[WHAT YOU ARE ASKED TO DO]
Find the string "coords" in the data, and copy out each line that has it.

───── DATA FOR THE TASK ─────

(* The forms $\varphi_{nq,\ell}$ and $\varphi_{nq,[\lambda]}$ are closed: $d\varphi_{nq,\ell}(\mathbf x)=0$ for all $\mathbf x\in V^n$ (and likewise for $\varphi_{nq,[\lambda]}$). In particular $\varphi_{nq,[\lambda]}(\mathbf x)$ defines a de Rham cohomology class $[\varphi_{nq,[\lambda]}(\mathbf x)]\in H^{nq}(D,\mathrm{Hom}_{\mathbb C}(S_\lambda(\mathbb C^n),S_{[\lambda]}(V)))$.
   Context: $V$ real quadratic space of dimension $m=p+q$, signature $(p,q)$, orthogonal basis $e_\alpha$ ($(e_\alpha,e_\alpha)=1$, $1\le\alpha\le p$), $e_\mu$ ($(e_\mu,e_\mu)=-1$, $p<\mu\le p+q$); $D$ the space of negative definite $q$-planes in $V$, $D=G/K$ with $G=SO_0(V)$ and $K$ the stabilizer of $z_0=\mathrm{span}(e_\mu)$; $\mathfrak p\cong T_{z_0}D$ (complexified) has basis $X_{\alpha\mu}$ ($X_{\alpha\mu}e_\alpha=e_\mu$, $X_{\alpha\mu}e_\mu=e_\alpha$, other basis vectors $\mapsto0$), dual basis $\omega_{\alpha\mu}$. $1\le n\le p$; $x_{ki}$ is the $k$-th coordinate of $x_i$ for $\mathbf x=(x_1,\dots,x_n)\in V^n$. $\varphi_{nq,0}=2^{-nq/2}\prod_{i=1}^n\prod_\mu[\sum_\alpha(x_{\alpha i}-\tfrac1{2\pi}\tfrac\partial{\partial x_{\alpha i}})\otimes A(\omega_{\alpha\mu})](e^{-\pi\sum_{i,k}x_{ki}^2}\otimes1)$, $A$ = left exterior multiplication. $T(V)$ tensor algebra of $V\otimes\mathbb C$; $\mathcal D_i=\tfrac12\sum_\alpha(x_{\alpha i}-\tfrac1{2\pi}\tfrac\partial{\partial x_{\alpha i}})\otimes1\otimes A(e_\alpha)$ ($A(e_\alpha)$ left tensor multiplication); $\varphi_{nq,\ell}(\epsilon_{i_1}\otimes\cdots\otimes\epsilon_{i_\ell})=\mathcal D_{i_1}\cdots\mathcal D_{i_\ell}(\varphi_{nq,0}\otimes1)\in\mathcal S(V^n)\otimes\bigwedge^{nq}\mathfrak p^*\otimes T^\ell(V)$. For a partition $\lambda$ of $\ell$ with at most $n$ parts, $\varphi_{nq,[\lambda]}(w)=(1\otimes1\otimes\pi_{[\lambda]})\varphi_{nq,\ell}(\iota_\lambda w)$, $w\in S_\lambda(\mathbb C^n)$, where $S_\lambda$ is the Schur functor (Young symmetrizer of the row-by-row filling, projection $\pi_\lambda$, inclusion $\iota_\lambda$) and $\pi_{[\lambda]}=\mathcal H\pi_\lambda$ with $\mathcal H$ the orthogonal projection onto harmonic tensors (kernel of all contractions by $(\,,\,)$), $S_{[\lambda]}(V)=\mathcal HS_\lambda(V)$. $K$-invariant elements of $\mathcal S(V^n)\otimes\bigwedge^j\mathfrak p^*\otimes T(V)$ correspond (by evaluation at $z_0$) to $G$-invariant elements of $\mathcal S(V^n)\otimes\mathcal A^j(D)\otimes T(V)$; under this identification the exterior derivative on $D$ is $d=d_{\mathcal S}+d_V$, $d_{\mathcal S}=\sum_{\alpha,\mu}\omega(X_{\alpha\mu})\otimes A(\omega_{\alpha\mu})\otimes1$, $d_V=\sum_{\alpha,\mu}1\otimes A(\omega_{\alpha\mu})\otimes\rho(X_{\alpha\mu})$, with $\omega$ the (infinitesimal) Weil representation action of $\mathfrak o(V)$ on $\mathcal S(V^n)$ and $\rho$ the derivation action on $T(V)$. *)

theory Defs
  imports "HOL-Analysis.Analysis" "HOL-Combinatorics.Permutations"
begin

text \<open>Conventions (0-based): coordinates of V are k < p+q; k < p are the positive
  directions e_alpha, p \<le> k < p+q the negative directions e_mu.
  A point of V^n is x :: nat \<times> nat \<Rightarrow> real, x (k,i) = k-th coordinate of x_i (i < n).
  The exterior algebra of p* is modelled by coefficient functions on finite sets S of
  index pairs (alpha,mu) (basis omega_S = wedge of the omega_(alpha,mu), (alpha,mu)\<in>S, in
  increasing lexicographic order); the tensor algebra T(V) by coefficient functions on
  words w (basis e_(w!0) \<otimes> ... \<otimes> e_(w!(l-1))).  An element of
  S(V^n) \<otimes> Wedge p* \<otimes> T(V) is thus a function x \<Rightarrow> S \<Rightarrow> w \<Rightarrow> complex.\<close>

type_synonym coords = "nat \<times> nat \<Rightarrow> real"
type_synonym form = "coords \<Rightarrow> (nat \<times> nat) set \<Rightarrow> nat list \<Rightarrow> complex"

definition pderiv :: "nat \<Rightarrow> nat \<Rightarrow> (coords \<Rightarrow> complex) \<Rightarrow> coords \<Rightarrow> complex" where
  "pderiv k i f x = vector_derivative (\<lambda>t. f (x((k,i) := x (k,i) + t))) (at 0)"

definition gauss :: "nat \<Rightarrow> nat \<Rightarrow> coords \<Rightarrow> complex" where
  "gauss m n x = complex_of_real (exp (- pi * (\<Sum>k<m. \<Sum>i<n. (x (k,i))\<^sup>2)))"

definition Hop :: "nat \<Rightarrow> nat \<Rightarrow> form \<Rightarrow> form" where
  "Hop k i \<Phi> = (\<lambda>x S w. complex_of_real (x (k,i)) * \<Phi> x S w
       - complex_of_real (1 / (2 * pi)) * pderiv k i (\<lambda>y. \<Phi> y S w) x)"

definition pair_less :: "nat \<times> nat \<Rightarrow> nat \<times> nat \<Rightarrow> bool" where
  "pair_less a b \<longleftrightarrow> fst a < fst b \<or> (fst a = fst b \<and> snd a < snd b)"

text \<open>left exterior multiplication A(omega_b)\<close>
definition extA :: "nat \<times> nat \<Rightarrow> form \<Rightarrow> form" where
  "extA b \<Phi> = (\<lambda>x S w. if b \<in> S
       then (-1) ^ card {c \<in> S. pair_less c b} * \<Phi> x (S - {b}) w else 0)"

text \<open>left tensor multiplication A(e_a)\<close>
definition tensA :: "nat \<Rightarrow> form \<Rightarrow> form" where
  "tensA a \<Phi> = (\<lambda>x S w. case w of [] \<Rightarrow> 0 | c # w' \<Rightarrow> if c = a then \<Phi> x S w' else 0)"

text \<open>derivation action rho(X_{alpha mu}) on T(V), X e_alpha = e_mu, X e_mu = e_alpha\<close>
definition rhoX :: "nat \<Rightarrow> nat \<Rightarrow> form \<Rightarrow> form" where
  "rhoX a m \<Phi> = (\<lambda>x S w. \<Sum>j<length w.
       (if w ! j = m then \<Phi> x S (w[j := a])
        else if w ! j = a then \<Phi> x S (w[j := m]) else 0))"
(* Under the hypotheses: $N\ge M$, $d_i>0$ for all $i$, $\mathbf{P}\in\mathbb{Z}_{\ge0}^N$ with $P_N>0$, $\mathbf{L}\in\mathbb{R}^{N\times M}$ full rank with non-negative entries and $L_{N,j}>0$ for all $j$, let $l$ be the Poisson log-likelihood and $\mathbf{T}$ the multiplicative map defined in the context. Then: (i) a point $\tilde{\boldsymbol\alpha}\ge 0$ is the (unique) maximizer of $l$ on the non-negative orthant if and only if it satisfies the KKT conditions $\tilde\alpha_j\,\partial_j l(\tilde{\boldsymbol\alpha})=0$ for all $j$ and $\partial_j l(\tilde{\boldsymbol\alpha})\le 0$ whenever $\tilde\alpha_j=0$; in particular the maximizer is a fixed point of $\mathbf{T}$; (ii) if $\boldsymbol\alpha$ has all components strictly positive, then $\mathbf{T}(\boldsymbol\alpha)$ has all components strictly positive; hence if $\boldsymbol\alpha^{(0)}>0$ componentwise, all iterates $\boldsymbol\alpha^{(n+1)}=\mathbf{T}(\boldsymbol\alpha^{(n)})$ are strictly positive; (iii) a strictly positive $\boldsymbol\alpha$ is a fixed point of $\mathbf{T}$ only if it is the maximizer of $l$ on the non-negative orthant.
   Context: $l(\boldsymbol\alpha)=\sum_{i=1}^N\big(P_i\log d_i-(\mathbf{L}\boldsymbol\alpha)_iP_i-d_i e^{-(\mathbf{L}\boldsymbol\alpha)_i}-\log(P_i!)\big)$ for $\boldsymbol\alpha\ge0$, with gradient $\partial_j l(\boldsymbol\alpha)=\sum_i L_{i,j}\big(d_ie^{-(\mathbf{L}\boldsymbol\alpha)_i}-P_i\big)$. The map $\mathbf{T}:\mathbb{R}^M\to\mathbb{R}^M$ is $$\mathbf{T}(\boldsymbol\alpha)_j=\frac{\big(\mathbf{L}^T(\mathbf{d}\odot e^{-\mathbf{L}\boldsymbol\alpha})\big)_j}{(\mathbf{L}^T\mathbf{P})_j}\,\alpha_j,$$ where $\odot$ is the componentwise product and $e^{-\mathbf{L}\boldsymbol\alpha}$ is taken componentwise; the denominators are positive under the hypotheses. *)

theory Defs
  imports Complex_Main
begin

─────

[SOLUTION FOR THIS EXERCISE]
type_synonym coords = "nat \<times> nat \<Rightarrow> real"
type_synonym form = "coords \<Rightarrow> (nat \<times> nat) set \<Rightarrow> nat list \<Rightarrow> complex"
definition pderiv :: "nat \<Rightarrow> nat \<Rightarrow> (coords \<Rightarrow> complex) \<Rightarrow> coords \<Rightarrow> complex" where
definition gauss :: "nat \<Rightarrow> nat \<Rightarrow> coords \<Rightarrow> complex" where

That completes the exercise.